4. naruszenie przepisów postępowania, tj. art. 231 k.p.c. w zw. z art. 233 k.p.c., polegające na przyjęciu błędnego domniemania faktycznego, że przyczyna powstania usterki samochodu w pojeździe przed jego wydaniem kupującemu, podczas gdy z treści opinii biegłego wynika, że uszkodzenia stwierdzone w przedmiotowym samochodzie mają cechy eksploatacyjne i brak jest możliwości stwierdzenia kiedy one powstały;

5. błąd w ustaleniach fatycznych polegający na przyjęciu, że w dniu 12 czerwca 2013 roku samochód był niesprawny i wymagał holowania, podczas gdy z zeznań powoda wynika, iż w drodze powrotnej ze stacji diagnostycznej samochód odpalił i powód wrócił nim do domu i dalej go użytkował, na co wskazuje stan licznika przejechanych kilometrów;

6. naruszenie przepisów postępowania, tj. art. 327 § 1 k.p.c. w zw. z art. 394 § 1 pkt 2 i § 2 k.p.c. oraz art. 224 k.p.c., poprzez zamknięcie przewodu sądowego i wydanie wyroku w sprawie, pomimo wydania na posiedzeniu w dniu 6 kwietnia 2016 r. postanowienia w przedmiocie oddalenia wniosku pozwanego o zwolnienie z kosztów postępowania i przyznanie pomocy prawnej z urzędu bez pouczenia go co do sposobu i terminu wniesienia środka zaskarżenia, co doprowadziło pozwanego do pozbawienia możności obrony jego praw i skutkowało nieważnością postępowania;

7. naruszenie przepisów prawa materialnego, tj. art. 6 k.c. w zw. z art. 559 k.c. przez nieprawidłową ich wykładnię w stanie faktycznym sprawy i błędne przyjęcie, że stronę powodową nie obciąża ciężar udowodnienia istnienia wady w dniu wydania samochodu;

8. naruszenie przepisów prawa materialnego, tj. art. 556 k.c. polegające na błędnym przyjęciu, że ujawnione usterki w samochodzie stanową wady fizyczne, podczas gdy z niekwestionowanego materiału dowodowego sprawy, w szczególności zaś z opinii biegłego, wynika, że uszkodzenia pompy są następstwem zużycia eksploatacyjnego tego elementu, które powstawały w procesie ciągłym, narastającym wraz z przebiegiem pojazdu, co ewidentnie wskazuje, iż powstałe uszkodzenia stanowią zwykle zużycie podzespołów samochodu, które nie jest objęte ochroną prawną wynikającą z rękojmi;

9. naruszenie przepisów prawa materialnego, tj. art. 548 k.c. poprzez jego niezastosowanie i nie uwzględnienie, że z chwilą sprzedaży na powoda przeszło niebezpieczeństwo uszkodzenia rzeczy i że to w wyniku jego nieprawidłowej eksploatacji samochodu doszło do jego całkowitego unieruchomienia, pomimo że z materiału dowodowego wynika jednoznacznie, iż w dacie sprzedaży istniała pełna funkcjonalność pojazdu.

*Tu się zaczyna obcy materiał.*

(* Let $X:\mathbb{N}\to\mathbf{Set}_*$ be a tower of pointed sets. Then the functors $G(X,-),H(X,-):\mathbf{Ab}\to\mathbf{Ab}$ are left exact. If moreover $X$ satisfies the Mittag-Leffler condition, then $G(X,-)$ and $H(X,-)$ are exact.
   Context: $\mathbb{N}$ is regarded as a category with a single morphism $n\to m$ whenever $n\ge m$; $\phi_{n,m}:X(n)\to X(m)$ are the structure maps. For a pointed set $Y$, $Y\wedge A:=\bigoplus_{Y\setminus\{*\}}A$ (finitely supported pointed maps $Y\to A$), functorial in $Y$ via $f_*(sv)=f(s)v$ and in $A$ coordinatewise, where $sv$ is the element with value $v$ at $s$ ($*v=0$). $G(X,A):=\lim_\mathbb{N}(X\wedge A)$; $K(X,A)$ is the image of the injective natural map $\rho:(\lim_\mathbb{N}X)\wedge A\to G(X,A)$, $\rho(xv)(n)=x(n)v$; $H(X,A):=G(X,A)/K(X,A)$. $X$ satisfies the Mittag-Leffler condition if for every $n$ there is $s\ge n$ such that $\mathrm{Im}(X(s)\to X(n))=\mathrm{Im}(X(r)\to X(n))$ for all $r\ge s$. *)

theory Defs
  imports Main
begin

text \<open>Level n is the set X n (inside an
  ambient type 'x) with base point pt n; phi n m : X n -> X m is the structure map
  for n >= m.\<close>

definition tower :: "(nat \<Rightarrow> 'x set) \<Rightarrow> (nat \<Rightarrow> 'x) \<Rightarrow> (nat \<Rightarrow> nat \<Rightarrow> 'x \<Rightarrow> 'x) \<Rightarrow> bool" where
  "tower X pt phi \<longleftrightarrow>
     (\<forall>n. pt n \<in> X n) \<and>
     (\<forall>n m. m \<le> n \<longrightarrow> (\<forall>x\<in>X n. phi n m x \<in> X m) \<and> phi n m (pt n) = pt m) \<and>
     (\<forall>n. \<forall>x\<in>X n. phi n n x = x) \<and>
     (\<forall>n m k. k \<le> m \<longrightarrow> m \<le> n \<longrightarrow> (\<forall>x\<in>X n. phi m k (phi n m x) = phi n k x))"

definition mittag_leffler :: "(nat \<Rightarrow> 'x set) \<Rightarrow> (nat \<Rightarrow> nat \<Rightarrow> 'x \<Rightarrow> 'x) \<Rightarrow> bool" where
  "mittag_leffler X phi \<longleftrightarrow>
     (\<forall>n. \<exists>s\<ge>n. \<forall>r\<ge>s. phi s n ` X s = phi r n ` X r)"

text \<open>Y smash A for a pointed set (Y, y0) and an abelian group A (the type 'a):
  finitely supported pointed maps Y -> A, i.e. functions vanishing outside Y - {y0}
  with finite support.\<close>

definition smash :: "'y set \<Rightarrow> 'y \<Rightarrow> ('y \<Rightarrow> 'a::ab_group_add) set" where
  "smash Y y0 = {v. finite {y. v y \<noteq> 0} \<and> (\<forall>y. v y \<noteq> 0 \<longrightarrow> y \<in> Y \<and> y \<noteq> y0)}"

text \<open>Functoriality in Y: f_*(s v) = f(s) v, extended additively; z0 is the base
  point of the target (where everything becomes 0).\<close>

definition smash_map :: "('y \<Rightarrow> 'z) \<Rightarrow> 'z \<Rightarrow> ('y \<Rightarrow> 'a::ab_group_add) \<Rightarrow> ('z \<Rightarrow> 'a)" where
  "smash_map f z0 v = (\<lambda>t. if t = z0 then 0 else sum v {s. v s \<noteq> 0 \<and> f s = t})"

text \<open>G(X,A) = lim_N (X smash A), as compatible sequences.\<close>

definition Gset :: "(nat \<Rightarrow> 'x set) \<Rightarrow> (nat \<Rightarrow> 'x) \<Rightarrow> (nat \<Rightarrow> nat \<Rightarrow> 'x \<Rightarrow> 'x)
    \<Rightarrow> (nat \<Rightarrow> 'x \<Rightarrow> 'a::ab_group_add) set" where
  "Gset X pt phi = {g. (\<forall>n. g n \<in> smash (X n) (pt n)) \<and>
       (\<forall>n m. m \<le> n \<longrightarrow> smash_map (phi n m) (pt m) (g n) = g m)}"

definition Gmap :: "('a \<Rightarrow> 'b) \<Rightarrow> (nat \<Rightarrow> 'x \<Rightarrow> 'a) \<Rightarrow> (nat \<Rightarrow> 'x \<Rightarrow> 'b)" where
  "Gmap h g = (\<lambda>n y. h (g n y))"

definition limX :: "(nat \<Rightarrow> 'x set) \<Rightarrow> (nat \<Rightarrow> nat \<Rightarrow> 'x \<Rightarrow> 'x) \<Rightarrow> (nat \<Rightarrow> 'x) set" where
  "limX X phi = {x. (\<forall>n. x n \<in> X n) \<and> (\<forall>n m. m \<le> n \<longrightarrow> phi n m (x n) = x m)}"

text \<open>rho : (lim X) smash A -> G(X,A), rho(x v)(n) = x(n) v (extended additively),
  i.e. the pushforward along the projection lim X -> X n.\<close>

definition rho :: "(nat \<Rightarrow> 'x) \<Rightarrow> ((nat \<Rightarrow> 'x) \<Rightarrow> 'a::ab_group_add) \<Rightarrow> (nat \<Rightarrow> 'x \<Rightarrow> 'a)" where
  "rho pt v = (\<lambda>n. smash_map (\<lambda>x. x n) (pt n) v)"
lemma sph_grad_eq_0_at_max:
  assumes "snd x > 0 \<or> snd (sph_grad G x) \<ge> 0"
  shows "sph_grad G x = 0"
proof (rule ccontr)
  define g where "g = sph_grad G x"
  assume "sph_grad G x \<noteq> 0"
  then have "norm g > 0"
    by (simp add: g_def)
  have "g \<bullet> x = 0"
    using sph_grad_orthogonal[of x G] x by (simp add: g_def closure_hemi)
  define v where "v = g /\<^sub>R norm g"
  have v: "v \<bullet> x = 0" "norm v = 1" "snd x > 0 \<or> snd v \<ge> 0"
    using \<open>g \<bullet> x = 0\<close> assms \<open>norm g > 0\<close> by (auto simp: v_def g_def)
  have "G x \<bullet> g = (norm g)\<^sup>2"
    using sph_grad_inner_tangent[OF \<open>g \<bullet> x = 0\<close>, of G] by (simp add: g_def power2_norm_eq_inner)
  then have "G x \<bullet> v = norm g"
    using \<open>norm g > 0\<close> by (simp add: v_def power2_eq_square)
  then show False
    using max_along_great_circle(1)[OF v] \<open>norm g > 0\<close> by simp
qed

lemma sph_hess_nonpos_at_critical_max:
  assumes "sph_grad G x = 0" "v \<bullet> x = 0" "norm v = 1"
  shows "sph_hess G H x v v \<le> 0"
proof -
  have tangent_case: "sph_hess G H x w w \<le> 0"
    if "w \<bullet> x = 0" "norm w = 1" "snd x > 0 \<or> snd w \<ge> 0" for w
    using max_along_great_circle(2)[OF that] sph_grad_inner_tangent[OF that(1), of G] assms(1)
    by simp
  have "linear (H x)"
    using linear_H closure_hemi_subset x by blast
  then show ?thesis
    using tangent_case[of v] tangent_case[of "- v"] assms(2,3)
    by (cases "snd v \<ge> 0") (auto simp: sph_hess_uminus)
qed

end

end
(* Let $P,Q$ be persistence diagrams satisfying the standing assumptions, and let $d_T^{per}(P,Q)$ be defined from the randomly shifted quadtree as in the context. Then there is an absolute constant $C'$ such that $$\mathbb{E}\big[d_T^{per}(P,Q)\big]\le C'\log\Delta\cdot d_W(P,Q),$$ the expectation being over the random shift.
   Context: A persistence diagram is a finite multiset of points in $\mathbb{R}^2$. Let $L=\{(x,x)\mid x\in\mathbb{R}\}$ be the diagonal and $\pi(p)=\big(\tfrac{p.x+p.y}{2},\tfrac{p.x+p.y}{2}\big)$. An augmented matching for finite multisets $A,B\subset\mathbb{R}^2$ is a subset $\Gamma\subset (A\cup\pi(B))\times(B\cup\pi(A))$ such that each element of $A$ and of $B$ (with multiplicity) appears in exactly one pair, and each pair $(a,b)$ is of the form (1) $a\in A,b\in B$, (2) $a\in A,b=\pi(a)$, or (3) $a=\pi(b),b\in B$. $d_W(P,Q)=\min_\Gamma\sum_{(p,q)\in\Gamma}\|p-q\|_2$ over augmented matchings for $P,Q$. Standing assumptions: with $X=P\uplus Q$, the minimum distance between distinct points of $X$ is $1$, the minimum distance from any point of $X$ to $L$ is $1$, $X\subseteq[0,\Delta]^2$ with $\Delta$ (the spread of $X$) a power of $2$. Randomly shifted quadtree: $H$ is $[-\Delta,\Delta]^2$ translated by a random vector with coordinates chosen uniformly in $[0,\Delta]$. For $i=-1,0,\dots,\log_2\Delta$, $G_i$ is the grid of cells of side $2^i$ obtained by repeatedly halving $H$ in each coordinate. A cell is terminal if it intersects $L$. With $P(c),Q(c)$ the number of points of $P$, $Q$ in cell $c$, $$d_T^{per}(P,Q)=\sum_{i=-1}^{\log_2\Delta}2^i\sum_{c\in G_i,\ c\text{ non-terminal}}|P(c)-Q(c)|.$$ *)

theory Defs
  imports "HOL-Analysis.Analysis" "HOL-Library.Multiset"
begin

type_synonym point = "real \<times> real"

definition diag :: "point set" where
  "diag = {(x, x) | x. True}"

definition proj :: "point \<Rightarrow> point" where
  "proj p = ((fst p + snd p) / 2, (fst p + snd p) / 2)"

text \<open>An augmented matching is encoded as a multiset of tagged pairs:
  (Some a, Some b) is a pair of type (1), (Some a, None) is the pair (a, proj a)
  of type (2), and (None, Some b) is the pair (proj b, b) of type (3).
  Every element of A and of B (with multiplicity) occurs in exactly one pair.\<close>
definition aug_matching ::
  "point multiset \<Rightarrow> point multiset \<Rightarrow> (point option \<times> point option) multiset \<Rightarrow> bool" where
  "aug_matching A B \<Gamma> \<longleftrightarrow>
     (\<forall>g \<in># \<Gamma>. g \<noteq> (None, None)) \<and>
     image_mset the (filter_mset (\<lambda>g. g \<noteq> None) (image_mset fst \<Gamma>)) = A \<and>
     image_mset the (filter_mset (\<lambda>g. g \<noteq> None) (image_mset snd \<Gamma>)) = B"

Formułując powyższej treści zarzuty skarżący wniósł o zmianę zaskarżonego wyroku częściowo, to jest przez oddalenie powództwa także co do kwoty 6941,67 zł wraz ustawowymi odsetkami zasadzonymi od tej kwoty, oraz o zasądzenie od powoda na jego rzecz zwrotu kosztów procesu, w tym kosztów zastępstwa procesowego za obie instancje według norm przepisanych.

Sąd Okręgowy zważył, co następuje:

apelacja pozwanego nie zasługiwała na uwzględnienie.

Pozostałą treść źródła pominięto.